Married; children: two. Education: City College of New York, A.B., 1965; Yale University, M.A., 1967, Ph.D., 1977. Religion: Jewish.

ADDRESSES:

Office—Swift Hall 302-C, 102 E. 58th St., Chicago, IL 60637. E-mail—tfrymerk@midway.uchicago.edu.

CAREER:

Educator. Yale University, assistant, 1968-69; Mt. Vernon College, lecturer, 1969-71; Wayne State University, Detroit, MI, assistant professor, 1971-82; Reconstructionist Rabbinical College, Philadelphia, PA, director of biblical studies, 1988-95; Divinity School of the University of Chicago; professor of Hebrew Bible, 1995—.

MEMBER:

American Journalism Review, Society of Biblical Literature.

AWARDS, HONORS:

Annenberg research grant; Wayne State University research grant; fellowships include Phi Beta Kappa Sibley, Danforth, and Woodrow Wilson.

WRITINGS:

In the Wake of the Goddesses: Women, Culture, and the Biblical Transformation of Pagan Myth, Free Press (New York, NY), 1992.

Motherprayer: The Pregnant Woman's Spiritual Companion, Putnam (New York, NY), 1995.

(Editor, with Victor H. Matthews and Bernard M. Levinson) Gender and Law in the Hebrew Bible and the Ancient Near East, Sheffield Academic Press (Sheffield, England), 1998.
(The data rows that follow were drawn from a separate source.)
lemma minor_row_sum_le:
  assumes B: "B \<in> carrier_mat n n" and "i < n"
    and entries: "\<And>r k. r < n \<Longrightarrow> k < n \<Longrightarrow> r \<noteq> i \<Longrightarrow> cmod (B $$ (r,k)) \<le> 1"
  shows "minor_row_sum B i \<le> sqrt (real n) ^ n"
proof -
  define z where "z k = (if cofactor B i k = 0 then 1 else cnj (sgn (cofactor B i k)))" for k
  define B' where "B' = mat n n (\<lambda>(r,k). if r = i then z k else B $$ (r,k))"
  have B': "B' \<in> carrier_mat n n" unfolding B'_def by simp
  have "mat_delete B' i k = mat_delete B i k" for k
    using B unfolding B'_def mat_delete_def by (intro eq_matI) auto
  then have cofactor_B': "cofactor B' i k = cofactor B i k" for k
    unfolding cofactor_def by simp
  have phase: "z k * cofactor B i k = of_real (cmod (cofactor B i k))" for k
    unfolding z_def by (simp add: complex_sgn_def scaleR_conv_of_real field_simps
        complex_norm_square[symmetric] power2_eq_square)
  have "B' $$ (i,k) = z k" if "k < n" for k
    using \<open>i < n\<close> that by (simp add: B'_def)
  moreover have "det B' = (\<Sum>k<n. B' $$ (i,k) * cofactor B' i k)"
    by (rule laplace_expansion_row[OF B' \<open>i < n\<close>])
  ultimately have "det B' = of_real (minor_row_sum B i)"
    using B by (simp add: cofactor_B' phase minor_row_sum_def cmod_cofactor)
  then have "cmod (det B') = \<bar>minor_row_sum B i\<bar>" by (simp only: norm_of_real)
  then have "minor_row_sum B i = cmod (det B')"
    by (simp add: minor_row_sum_def sum_nonneg)
  also have "\<dots> \<le> sqrt (real n) ^ n"
    using entries by (intro cmod_det_le_if_entries_le_1[OF B']) (auto simp: B'_def z_def norm_sgn)
  finally show ?thesis .
qed

lemma compound_inf_norm_pred_le:
  assumes B: "B \<in> carrier_mat n n" and "n \<ge> 1"
    and entries: "\<And>r k. r < n \<Longrightarrow> k < n \<Longrightarrow> cmod (B $$ (r,k)) \<le> 1"
  shows "compound_inf_norm (n - 1) B \<le> sqrt (real n) ^ n"
  unfolding compound_inf_norm_pred[OF B \<open>n \<ge> 1\<close>]
proof (rule Max.boundedI)
  show "minor_row_sum B ` {..<n} \<noteq> {}" using \<open>n \<ge> 1\<close> by (simp add: lessThan_empty_iff)
qed (use entries minor_row_sum_le[OF B] in auto)

lemma cmod_det_le_compound_inf_norm_pred:
  assumes B: "B \<in> carrier_mat n n" and "n \<ge> 1"
    and entries: "\<And>r k. r < n \<Longrightarrow> k < n \<Longrightarrow> cmod (B $$ (r,k)) \<le> 1"
  shows "cmod (det B) \<le> compound_inf_norm (n - 1) B"
proof -
  have "cmod (det B) \<le> minor_row_sum B 0"
    using \<open>n \<ge> 1\<close> entries by (intro cmod_det_le_minor_row_sum[OF B]) auto
  also have "\<dots> \<le> compound_inf_norm (n - 1) B"
    unfolding compound_inf_norm_pred[OF B \<open>n \<ge> 1\<close>] using \<open>n \<ge> 1\<close> by (intro Max_ge) auto
  finally show ?thesis .
qed

definition fourier_mat :: "nat \<Rightarrow> complex mat" where
  "fourier_mat n = mat n n (\<lambda>(j,k). cis (2 * pi * real j / real n) ^ k)"

lemma fourier_mat_carrier: "fourier_mat n \<in> carrier_mat n n"
  unfolding fourier_mat_def by simp

lemma cmod_fourier_mat_entry: "j < n \<Longrightarrow> k < n \<Longrightarrow> cmod (fourier_mat n $$ (j,k)) = 1"
  unfolding fourier_mat_def by (simp add: norm_power)

lemma row_inner_fourier_mat:
  assumes "i < n" "j < n"
  shows "row_inner (fourier_mat n) i j = (if i = j then of_nat n else 0)"
proof -
  define \<omega> where "\<omega> l = cis (2 * pi * real l / real n)" for l
  define q where "q = \<omega> i * cnj (\<omega> j)"
  have "row_inner (fourier_mat n) i j = (\<Sum>k<n. q ^ k)"
    using assms unfolding row_inner_def fourier_mat_def q_def \<omega>_def
    by (simp add: power_mult_distrib)
  also have "\<dots> = (if i = j then of_nat n else 0)"
  proof (cases "i = j")
    case True
    then have "q = 1" by (simp add: q_def \<omega>_def cis_cnj cis_mult)
    then show ?thesis using True by simp
  next
    case False
    have "\<omega> i \<noteq> \<omega> j"
      using bij_betw_roots_unity[of n] assms False unfolding bij_betw_def inj_on_def \<omega>_def by auto
    then have "q \<noteq> 1"
      unfolding q_def \<omega>_def by (auto simp: cis_cnj cis_mult simp flip: cis_divide)
    moreover have "\<omega> l ^ n = 1" if "l < n" for l
      using bij_betw_roots_unity[of n] that unfolding bij_betw_def \<omega>_def by auto
    then have "q ^ n = 1"
      using assms unfolding q_def by (simp add: power_mult_distrib flip: complex_cnj_power)
    ultimately show ?thesis using False by (simp add: geometric_sum)
  qed
  finally show ?thesis .
qed

lemma cmod_det_fourier_mat: "cmod (det (fourier_mat n)) = sqrt (real n) ^ n"
proof -
  have "(cmod (det (fourier_mat n)))\<^sup>2 = (\<Prod>i<n. row_sqnorm (fourier_mat n) i)"
    by (rule cmod_det_sq_orthogonal_rows[OF fourier_mat_carrier]) (simp add: row_inner_fourier_mat)
  also have "\<dots> = (\<Prod>i<n. real n)"
  proof (rule prod.cong)
    fix i assume "i \<in> {..<n}"
    then have "of_real (row_sqnorm (fourier_mat n) i) = (of_real (real n) :: complex)"
      using row_inner_fourier_mat[of i n i] by (simp add: row_inner_self)
    then show "row_sqnorm (fourier_mat n) i = real n" by (rule of_real_eq_iff[THEN iffD1])
  qed simp
  also have "\<dots> = real n ^ n" by simp
  also have "\<dots> = (sqrt (real n) ^ n)\<^sup>2"
    by (metis power_mult mult.commute real_sqrt_pow2 of_nat_0_le_iff)
  finally show ?thesis by (simp add: power2_eq_iff_nonneg)
qed

lemma cmod_le_col_inf_norm: "r < dim_row B \<Longrightarrow> cmod (B $$ (r,k)) \<le> col_inf_norm B k"
  unfolding col_inf_norm_def by (intro Max_ge) auto

lemma col_inf_norm_fourier_mat:
  assumes "k < n"
  shows "col_inf_norm (fourier_mat n) k = 1"
proof -
  have "(\<lambda>j. cmod (fourier_mat n $$ (j,k))) ` {0..<n} = (\<lambda>_. 1) ` {0..<n}"
    using cmod_fourier_mat_entry[OF _ \<open>k < n\<close>] by (intro image_cong) auto
  also have "\<dots> = {1}" using \<open>k < n\<close> by (simp add: image_constant_conv)
  finally show ?thesis
    using fourier_mat_carrier[of n] unfolding col_inf_norm_def by simp
qed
(Editor, with David Novak, Peter Ochs, David Fox Sandmel, and Michael A. Signer) Christianity in Jewish Terms, Westview Press (Boulder, CO), 2000.

Reading the Women of the Bible, Schocken Books (New York, NY), 2002.

TRANSLATOR

From Jerusalem to the Edge of Heaven: Meditations on the Soul of Israel, Jewish Publication Society (Philadelphia, PA), 1996.

WORK IN PROGRESS:

A commentary on Ruth and a book on biblical theology.

SIDELIGHTS:

Tikva Frymer-Kensky is a professor of Hebrew Bible and the history of Judaism in the University of Chicago Divinity School. She specializes in Assyriology and Sumerology, biblical studies, Jewish studies, and women and religion.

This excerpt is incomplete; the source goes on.